The new shape of the array must contain the same number of entries as the original shape. For instance, the following will fail:

In [None]:
import numpy as np

a = np.arange(7).reshape([2,3])

### Exercise

In the code cell below, do the following:

* Create a one-dimensional array with a series of three bools of your choice
* Create a three-dimensional array with every value being equal to zero. This array should have a size of 4 in dimension 1, a size of 3 in dimension 2 and a size of 2 in dimension 3
* Create an array of the same dimension and size with the values 0-23 (inclusive)
* Create an array of the same dimension and size with the values every other value from 4-50 (inclusive).

In [None]:
#@title

# Import NumPy
import numpy as np

# Create the 1D array
bools = np.array([True, False, True])
print(bools)

# Create the array of zeros
a = np.zeros([4,3,2])
print(a)

# Print a separating line to separate the arrays in the output
print("==============")

# Create the array with the increasing numbers
b = np.arange(24).reshape([4,3,2])
print(b)

# Print a separating line to separate the arrays in the output
print("==============")

# Create an array with every other value from 4 to 50
c = np.arange(4, 51, 2).reshape([4,3,2])
print(c)

## Selecting Items from an Array

To select single items from an array, we provide the indices in each dimension of the item, separated by commas within a set of square brackets. There are a number of different ways of specifying indices and it's possible to mix and match different ways of selecting indices in different dimensions. In this section, we'll visit some of the common ways of indexing a dimension.

### Selecting a Single Index

We can specify a single index by writing single integer. It's also possible to use a calculation or variable as part of the specification of the index. 

When providing a single value for an index, Numpy will reduce the number of dimensions of the returned array. If every dimension is indexed with a single value, the returned value will be a scalar.

Remember that, like other Python collections, the first entry has an index of 0.

In [None]:
import numpy as np

a = np.arange(12).reshape([2, 2, 3]) # Create the array

print(a) # Print the array for reference

i = 1 # Define a variable to use when indexing the array
print(a[0, i, i + 1]) # Print the value of a[0, 1, 2]. Because each index is a single value, a scalar is returned

### Every Index in a Dimension

Using a single colon will cause every integer in a dimension to be returned.

In [None]:
a = np.arange(6).reshape([1, 2, 3])

print(a) # Print the array for reference

# In the first dimension, we've selected every index. Even though this dimension happens to only have an extent of 1 (the index 0), this dimension is not collapsed.
# In the second dimension, we chose only the index 1. This dimension is collapsed.
# In the third dimension we select every index
# The result is a 2D numpy ndarray of shape (1,2)
b = a[:, 1, :]
print(b)
print(type(b))
print(b.ndim)
print(b.shape)

It's also possible to do this for arrays with multiple dimensions with the specifications of indices for each separated with commas. If the specification of the indices for a dimension is purely a colon, every possible index from that dimension is used for the returned data.

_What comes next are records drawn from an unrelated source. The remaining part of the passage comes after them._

(* For any cubic graphs $G$ and $A$, a graph $G\circ A^-$ is Class $1$ if and only if $G$ and $A$ are Class $1$.
   Context: A cubic graph is Class $1$ if its chromatic index is $3$ and Class $2$ if its chromatic index is $4$. Let $G$ and $A$ be $3$-regular graphs, let $a$ be a vertex of $A$ and $A^-=A-a$. A graph $G\circ A^-$ is any graph obtained by replacing each vertex $v$ of $G$ by a copy $A^-_v$ of $A^-$ and, for each edge $uv$ of $G$, adding an edge joining a vertex of degree $2$ of $A^-_u$ to a vertex of degree $2$ of $A^-_v$, so that each degree-$2$ vertex of each copy is incident with exactly one added edge (the choices of $a$ and of these edges are arbitrary). *)

theory Defs
  imports Main
begin

definition simple_graph :: "'v set \<Rightarrow> 'v set set \<Rightarrow> bool" where
  "simple_graph V E \<longleftrightarrow> finite V \<and> (\<forall>e\<in>E. \<exists>u v. e = {u, v} \<and> u \<in> V \<and> v \<in> V \<and> u \<noteq> v)"

definition degree :: "'v set set \<Rightarrow> 'v \<Rightarrow> nat" where
  "degree E v = card {e \<in> E. v \<in> e}"

definition cubic :: "'v set \<Rightarrow> 'v set set \<Rightarrow> bool" where
  "cubic V E \<longleftrightarrow> simple_graph V E \<and> (\<forall>v\<in>V. degree E v = 3)"

definition nbrs :: "'v set set \<Rightarrow> 'v \<Rightarrow> 'v set" where
  "nbrs E v = {u. {v, u} \<in> E}"
lemma close_after_issue:
  assumes issue: "l k = Issue" and closes: "c_closed (r n) \<noteq> None"
    and latest: "\<And>m. Suc k \<le> m \<Longrightarrow> c_lat (r m) = L"
  shows "\<exists>m. c_closed (r m) \<in> {Some L, Some (L - 1)}"
proof -
  have still_open: "c_closed (r k) = None" and L: "L - 1 = c_lat (r k)"
    and prev_committed: "c_lat (r k) = 1 \<or> thr f \<le> card (c_sg (r k) (c_lat (r k)))"
    using run_step[of k] issue latest[of "Suc k"] by (auto simp: step_def)
  have "c_closed (r (max k n)) \<noteq> None" using persistent_run[OF persistent_closed closes] by simp
  then obtain p where "k \<le> p" "c_closed (r p) = None" "c_closed (r (Suc p)) \<noteq> None"
    using exists_step_leaving[of k "max k n" "\<lambda>p. c_closed (r p) = None"] still_open by auto
  then have "l p = Finalize" and closing: "c_closed (r (Suc p)) = Some (Max (ann (r p)))"
    and quorum: "thr f \<le> card {w. c_onch (r p) w \<noteq> None}"
    using step_closes_by_Finalize[OF run_step] by blast+
  then have "k < p" using issue \<open>k \<le> p\<close> by (cases "p = k") auto
  have "0 < card {w. c_onch (r p) w \<noteq> None}" using quorum by (simp add: thr_def)
  then obtain w where "c_onch (r p) w \<noteq> None" by (auto simp: card_gt_0_iff)
  then have bounds: "Max (ann (r p)) \<in> {1..L}"
    using closing_state_bounded[OF brick_inv_run[of p]] latest[of p] \<open>k < p\<close> by simp
  have "L - 1 \<le> Max (ann (r p))"
  proof (cases "c_lat (r k) = 1")
    case True
    then show ?thesis using L bounds by simp
  next
    case False
    then have "thr f \<le> card (c_sg (r p) (L - 1))"
      using prev_committed card_signed_mono[OF \<open>k \<le> p\<close>] L by (metis le_trans)
    then show ?thesis
      using signed_le_closing_state[OF brick_inv_run _ byzantine_bound quorum] byzantine_wardens
      by (meson finite_lessThan finite_subset)
  qed
  then have "c_closed (r (Suc p)) \<in> {Some L, Some (L - 1)}" using bounds closing by auto
  then show ?thesis by blast
qed

lemma issue_committed_or_invalidated:
  assumes issue: "l k = Issue"
  shows "\<exists>n. committed f (r n) (c_lat (r (Suc k))) \<or> invalidated (r n) (c_lat (r (Suc k)))"
proof (rule ccontr)
  define L where "L = c_lat (r (Suc k))"
  assume "\<not> ?thesis"
  then have not_committed: "\<not> committed f (r n) L" and not_invalidated: "\<not> invalidated (r n) L" for n
    unfolding L_def by blast+
  have uncommitted: "card (c_sg (r n) L) < thr f" for n
    using not_committed[of n] unfolding committed_def by linarith
  have not_closed_near_L: "c_closed (r n) \<notin> {Some L, Some (L - 1)}" for n
    using not_committed[of n] not_invalidated[of n] unfolding committed_def invalidated_def by auto
  have "L = Suc (c_lat (r k))" using run_step[of k] issue by (simp add: step_def L_def)
  then have "2 \<le> L" using brick_inv_run[of k] by (simp add: brick_inv_def seqnos_in_range_def)
  have latest: "c_lat (r n) = L" if "Suc k \<le> n" for n
    using uncommitted_latest_stays[OF L_def[symmetric] \<open>2 \<le> L\<close> uncommitted that] .
  show False
  proof (cases "\<exists>n. c_closed (r n) \<noteq> None")
    case True
    then show False using close_after_issue[OF issue _ latest] not_closed_near_L by blast
  next
    case False
    then obtain n where "thr f \<le> card (c_sg (r n) L)"
      using never_closed_latest_signed[OF _ latest \<open>2 \<le> L\<close>] by blast
    then show False using uncommitted[of n] by simp
  qed
qed

end
(* Let $M$ be a matroid on $E=\{1,\dots,n\}$ such that $E$ admits a good partition $(E_1,E_2)$ with respect to $M$, and let $M'$ be a relaxation of $M$. Then $P(M')$ has a nontrivial hyperplane split.
   Context: A relaxation of $M$ is the matroid $M'$ on $E$ with $\mathcal{B}(M')=\mathcal{B}(M)\cup\{X\}$, where $X\subseteq E$ is a set that is both a circuit and a hyperplane (closed set of rank $r-1$) of $M$, $r$ the rank of $M$. For a matroid $N$ on $E$, $P(N)=\mathrm{conv}\{\sum_{i\in B}e_i : B\in\mathcal{B}(N)\}\subset\mathbb{R}^n$. A hyperplane split of $P(N)$ is an expression $P(N)=P(N_1)\cup P(N_2)$ with $N_1,N_2$ matroids on $E$ such that $P(N_1)\cap P(N_2)$ is a face of both; it is nontrivial if $P(N_1)\neq P(N)\neq P(N_2)$. For $A\subseteq E$, $M|_A$ is the restriction, $\mathcal{I}(\cdot)$ the independent sets. A partition $(E_1,E_2)$ of $E$ with $r_i$ the rank of $M|_{E_i}$ and $r_i>1$ is a good partition if there exist integers $0<a_1<r_1$, $0<a_2<r_2$ with (P1) $r_1+r_2=r+a_1+a_2$ and (P2) for every $X\in\mathcal{I}(M|_{E_1})$ with $|X|\le r_1-a_1$ and every $Y\in\mathcal{I}(M|_{E_2})$ with $|Y|\le r_2-a_2$, $X\cup Y\in\mathcal{I}(M)$. *)

theory Defs
  imports "HOL-Analysis.Analysis"
begin

text \<open>A matroid on the ground set E is represented by its family of bases.\<close>
definition matroid_bases :: "'a set \<Rightarrow> 'a set set \<Rightarrow> bool" where
  "matroid_bases E \<B> \<longleftrightarrow> finite E \<and> \<B> \<noteq> {} \<and> (\<forall>b\<in>\<B>. b \<subseteq> E) \<and>
     (\<forall>B1\<in>\<B>. \<forall>B2\<in>\<B>. \<forall>x\<in>B1 - B2. \<exists>y\<in>B2 - B1. insert y (B1 - {x}) \<in> \<B>)"

definition m_indep :: "'a set set \<Rightarrow> 'a set \<Rightarrow> bool" where
  "m_indep \<B> I \<longleftrightarrow> (\<exists>b\<in>\<B>. I \<subseteq> b)"

definition m_rank :: "'a set set \<Rightarrow> 'a set \<Rightarrow> nat" where
  "m_rank \<B> A = Max {card I | I. m_indep \<B> I \<and> I \<subseteq> A}"

definition m_circuit :: "'a set \<Rightarrow> 'a set set \<Rightarrow> 'a set \<Rightarrow> bool" where
  "m_circuit E \<B> C \<longleftrightarrow> C \<subseteq> E \<and> \<not> m_indep \<B> C \<and> (\<forall>D. D \<subset> C \<longrightarrow> m_indep \<B> D)"

definition m_closure :: "'a set \<Rightarrow> 'a set set \<Rightarrow> 'a set \<Rightarrow> 'a set" where
  "m_closure E \<B> F = {e\<in>E. m_rank \<B> (insert e F) = m_rank \<B> F}"

definition m_hyperplane :: "'a set \<Rightarrow> 'a set set \<Rightarrow> 'a set \<Rightarrow> bool" where
  "m_hyperplane E \<B> F \<longleftrightarrow> F \<subseteq> E \<and> m_closure E \<B> F = F \<and> m_rank \<B> F = m_rank \<B> E - 1"

definition is_relaxation :: "'a set \<Rightarrow> 'a set set \<Rightarrow> 'a set set \<Rightarrow> bool" where
  "is_relaxation E \<B> \<B>' \<longleftrightarrow> (\<exists>X. m_circuit E \<B> X \<and> m_hyperplane E \<B> X \<and> \<B>' = \<B> \<union> {X})"

definition restr_indep :: "'a set set \<Rightarrow> 'a set \<Rightarrow> 'a set \<Rightarrow> bool" where
  "restr_indep \<B> A I \<longleftrightarrow> m_indep \<B> I \<and> I \<subseteq> A"

definition good_partition :: "'a set \<Rightarrow> 'a set set \<Rightarrow> 'a set \<Rightarrow> 'a set \<Rightarrow> bool" where
  "good_partition E \<B> E1 E2 \<longleftrightarrow>
     E1 \<union> E2 = E \<and> E1 \<inter> E2 = {} \<and>
     m_rank \<B> E1 > 1 \<and> m_rank \<B> E2 > 1 \<and>
     (\<exists>a1 a2::nat. 0 < a1 \<and> a1 < m_rank \<B> E1 \<and> 0 < a2 \<and> a2 < m_rank \<B> E2 \<and>
        m_rank \<B> E1 + m_rank \<B> E2 = m_rank \<B> E + a1 + a2 \<and>
        (\<forall>X Y. restr_indep \<B> E1 X \<and> card X \<le> m_rank \<B> E1 - a1 \<and>
               restr_indep \<B> E2 Y \<and> card Y \<le> m_rank \<B> E2 - a2 \<longrightarrow> m_indep \<B> (X \<union> Y)))"

text \<open>Matroid base polytope, ground set = the finite type 'n, ambient space real^'n.\<close>
definition indic_vec :: "'n::finite set \<Rightarrow> real^'n" where
  "indic_vec B = (\<chi> i. if i \<in> B then 1 else 0)"

definition base_polytope :: "'n::finite set set \<Rightarrow> (real^'n) set" where
  "base_polytope \<B> = convex hull (indic_vec ` \<B>)"

definition hyperplane_split :: "'n::finite set set \<Rightarrow> 'n set set \<Rightarrow> 'n set set \<Rightarrow> bool" where
  "hyperplane_split \<B> \<B>1 \<B>2 \<longleftrightarrow>
     matroid_bases UNIV \<B>1 \<and> matroid_bases UNIV \<B>2 \<and>
     base_polytope \<B> = base_polytope \<B>1 \<union> base_polytope \<B>2 \<and>
     (base_polytope \<B>1 \<inter> base_polytope \<B>2) face_of base_polytope \<B>1 \<and>
     (base_polytope \<B>1 \<inter> base_polytope \<B>2) face_of base_polytope \<B>2"

definition has_nontrivial_hyperplane_split :: "'n::finite set set \<Rightarrow> bool" where
  "has_nontrivial_hyperplane_split \<B> \<longleftrightarrow>
     (\<exists>\<B>1 \<B>2. hyperplane_split \<B> \<B>1 \<B>2 \<and>
        base_polytope \<B>1 \<noteq> base_polytope \<B> \<and> base_polytope \<B>2 \<noteq> base_polytope \<B>)"

end

theory Submission
  imports Defs
begin

text \<open>
  Let X be the circuit-hyperplane at which M is relaxed to M', let r be
  the rank and let (E1, E2) be a good partition with parameters a1, a2.  Put
  k_i = r_i - a_i, so that k1 + k2 = r by (P1).  Independent k_i-subsets of M' are
  smaller than r and hence independent in M, so by (P2) any independent k1-subset of
  E1 together with any independent k2-subset of E2 is a base of M'; we call this the
  layer condition.  The layer condition alone produces the split: the hyperplane
  "k1 elements in E1" cuts P(M') into the polytopes of the bases with at most k1
  elements in E1 and of the bases with at most k2 elements in E2.  Both families are
  matroids, their polytopes meet in a common face, and both are proper because
  rank(E_i) > k_i provides bases beyond the hyperplane on either side.
\<close>

lemma base_indep: "B \<in> Bs \<Longrightarrow> m_indep Bs B"
  unfolding m_indep_def by blast

lemma indep_subset: "m_indep Bs I \<Longrightarrow> J \<subseteq> I \<Longrightarrow> m_indep Bs J"
  unfolding m_indep_def by blast

lemma empty_indep: "matroid_bases UNIV Bs \<Longrightarrow> m_indep Bs {}"
  unfolding matroid_bases_def m_indep_def by auto

text \<open>All bases have the same size: an exchange step from B1 towards B2 keeps the size
  and strictly shrinks B1 - B2.\<close>
lemma bases_card_eq:
  fixes Bs :: "'n::finite set set"
  assumes M: "matroid_bases UNIV Bs" and B1: "B1 \<in> Bs" and B2: "B2 \<in> Bs"
  shows "card B1 = card B2"
  using B1
proof (induction "card (B1 - B2)" arbitrary: B1 rule: less_induct)
  case (less B1)
  show ?case
  proof (cases "B1 - B2 = {}")
    case True
    have "B2 - B1 = {}"
    proof (rule ccontr)
      assume "B2 - B1 \<noteq> {}"
      then obtain x where "x \<in> B2 - B1" by blast
      then show False
        using M B2 less.prems True unfolding matroid_bases_def by blast
    qed
    with True show ?thesis by (metis Diff_eq_empty_iff subset_antisym)
  next
    case False
    then obtain x where x: "x \<in> B1 - B2" by blast
    then obtain y where y: "y \<in> B2 - B1" and B1': "insert y (B1 - {x}) \<in> Bs"
      using M B2 less.prems unfolding matroid_bases_def by blast
    have "insert y (B1 - {x}) - B2 = (B1 - B2) - {x}" using y by auto
    then have "card (insert y (B1 - {x}) - B2) < card (B1 - B2)"
      by (metis card_Diff1_less finite x)
    then have "card (insert y (B1 - {x})) = card B2" using less.hyps B1' by blast
    moreover have "card (insert y (B1 - {x})) = card B1"
      using x y card_Suc_Diff1[of B1 x] by (simp add: card_insert_if)
    ultimately show ?thesis by simp
  qed
qed

text \<open>Take bases
  B \<supseteq> I and B' \<supseteq> J with card (B - B') minimal.  Minimality gives
  B - I \<subseteq> B' and B' - J \<subseteq> B; if no element of J - I could be added to I,
  then B' - B = J - I while B - B' \<subseteq> I - J, contradicting card I < card J.\<close>
lemma augment:
  fixes Bs :: "'n::finite set set"
  assumes M: "matroid_bases UNIV Bs" and I: "m_indep Bs I" and J: "m_indep Bs J"
    and lt: "card I < card J"
  shows "\<exists>e\<in>J - I. m_indep Bs (insert e I)"
proof (rule ccontr)
  assume no: "\<not> ?thesis"
  define P where "P = (\<lambda>p. fst p \<in> Bs \<and> I \<subseteq> fst p \<and> snd p \<in> Bs \<and> J \<subseteq> snd p)"
  define f where "f = (\<lambda>p::'n set \<times> 'n set. card (fst p - snd p))"
  obtain BI BJ where "BI \<in> Bs" "I \<subseteq> BI" "BJ \<in> Bs" "J \<subseteq> BJ" using I J unfolding m_indep_def by blast
  then have "P (BI, BJ)" unfolding P_def by simp
  define p where "p = arg_min f P"
  have Pp: "P p" unfolding p_def by (rule arg_min_natI) fact
  have minp: "\<And>q. P q \<Longrightarrow> f p \<le> f q" unfolding p_def by (rule arg_min_nat_le)
  obtain B B' where p: "p = (B, B')" by (cases p)
  have B: "B \<in> Bs" "I \<subseteq> B" and B': "B' \<in> Bs" "J \<subseteq> B'" using Pp p unfolding P_def by auto
  have BI_sub: "B - I \<subseteq> B'"
  proof
    fix x assume x: "x \<in> B - I"
    show "x \<in> B'"
    proof (rule ccontr)
      assume "x \<notin> B'"
      then obtain y where y: "y \<in> B' - B" and C: "insert y (B - {x}) \<in> Bs"
        using M B B' x unfolding matroid_bases_def by blast
      have "P (insert y (B - {x}), B')" using C B B' x unfolding P_def by auto
      then have "f p \<le> card (insert y (B - {x}) - B')" using minp unfolding f_def by fastforce
      moreover have "insert y (B - {x}) - B' = (B - B') - {x}" using y by auto
      moreover have "card ((B - B') - {x}) < card (B - B')" using x \<open>x \<notin> B'\<close>
        by (intro card_Diff1_less) auto
      ultimately show False unfolding f_def p by simp
    qed
  qed
  have BJ_sub: "B' - J \<subseteq> B"
  proof
    fix x assume x: "x \<in> B' - J"
    show "x \<in> B"
    proof (rule ccontr)
      assume "x \<notin> B"
      then obtain y where y: "y \<in> B - B'" and C: "insert y (B' - {x}) \<in> Bs"
        using M B B' x unfolding matroid_bases_def by blast
      have "P (B, insert y (B' - {x}))" using C B B' x unfolding P_def by auto
      then have "f p \<le> card (B - insert y (B' - {x}))" using minp unfolding f_def by fastforce
      moreover have "B - insert y (B' - {x}) = (B - B') - {y}" using y \<open>x \<notin> B\<close> by auto
      moreover have "card ((B - B') - {y}) < card (B - B')" using y
        by (intro card_Diff1_less) auto
      ultimately show False unfolding f_def p by simp
    qed
  qed
  have "B \<inter> J \<subseteq> I"
  proof
    fix e assume e: "e \<in> B \<inter> J"
    then have "m_indep Bs (insert e I)" using B unfolding m_indep_def by blast
    then show "e \<in> I" using no e by blast
  qed
  then have eq: "B' - B = J - I" using BJ_sub B' B by auto
  have "card (B - B') = card (B' - B)"
    using bases_card_eq[OF M B(1) B'(1)] by (simp add: card_Diff_subset_Int Int_commute)
  moreover have "card (B - B') \<le> card (I - J)" using BI_sub B' by (intro card_mono) auto
  moreover have "card (I - J) < card (J - I)"
    using lt card_mono[of I "I \<inter> J"] by (simp add: card_Diff_subset_Int Int_commute)
  ultimately show False using eq by simp
qed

### Everything Before and Index

 If we put the a colon before a single value, everything index before that will will be selected. This will not collapse the dimension even if this happens to be a single index.

In [None]:
import numpy as np

a = np.arange(12).reshape([2,2,3])
print(a)

# Select the index 0 in the first dimension. The dimension will be collapsed
# Select the index 1 in the first dimension. The dimension will be collapsed
# Select the indices 0 and 1 in the second dimension
print(a[0, 1, :2])

# Select the index 0 in the first dimension. The dimension will be collapsed
# Select the index 0 in the second dimension. The dimension will not be collapsed
# Select the index 1 in the third dimension. This dimension will be collapsed
print(a[0, :1, 1])

### Every Index Starting From a Value

If we provide a single value followed by a colon in the position for a dimension, every index beginning with and including that value will be selected.

In [None]:
import numpy as np

a = np.arange(12).reshape([4, 3])
print(a)

# Select indices 2, 3 in the first dimension
# Select indices 1 and 2 in the second dimension
print(a[2:, 1:])

## Assigning to Items in an Array

It's possible to change the values inside an array using item assignment, selecting which entry or entries to assign to using the same notation as in the previous section. 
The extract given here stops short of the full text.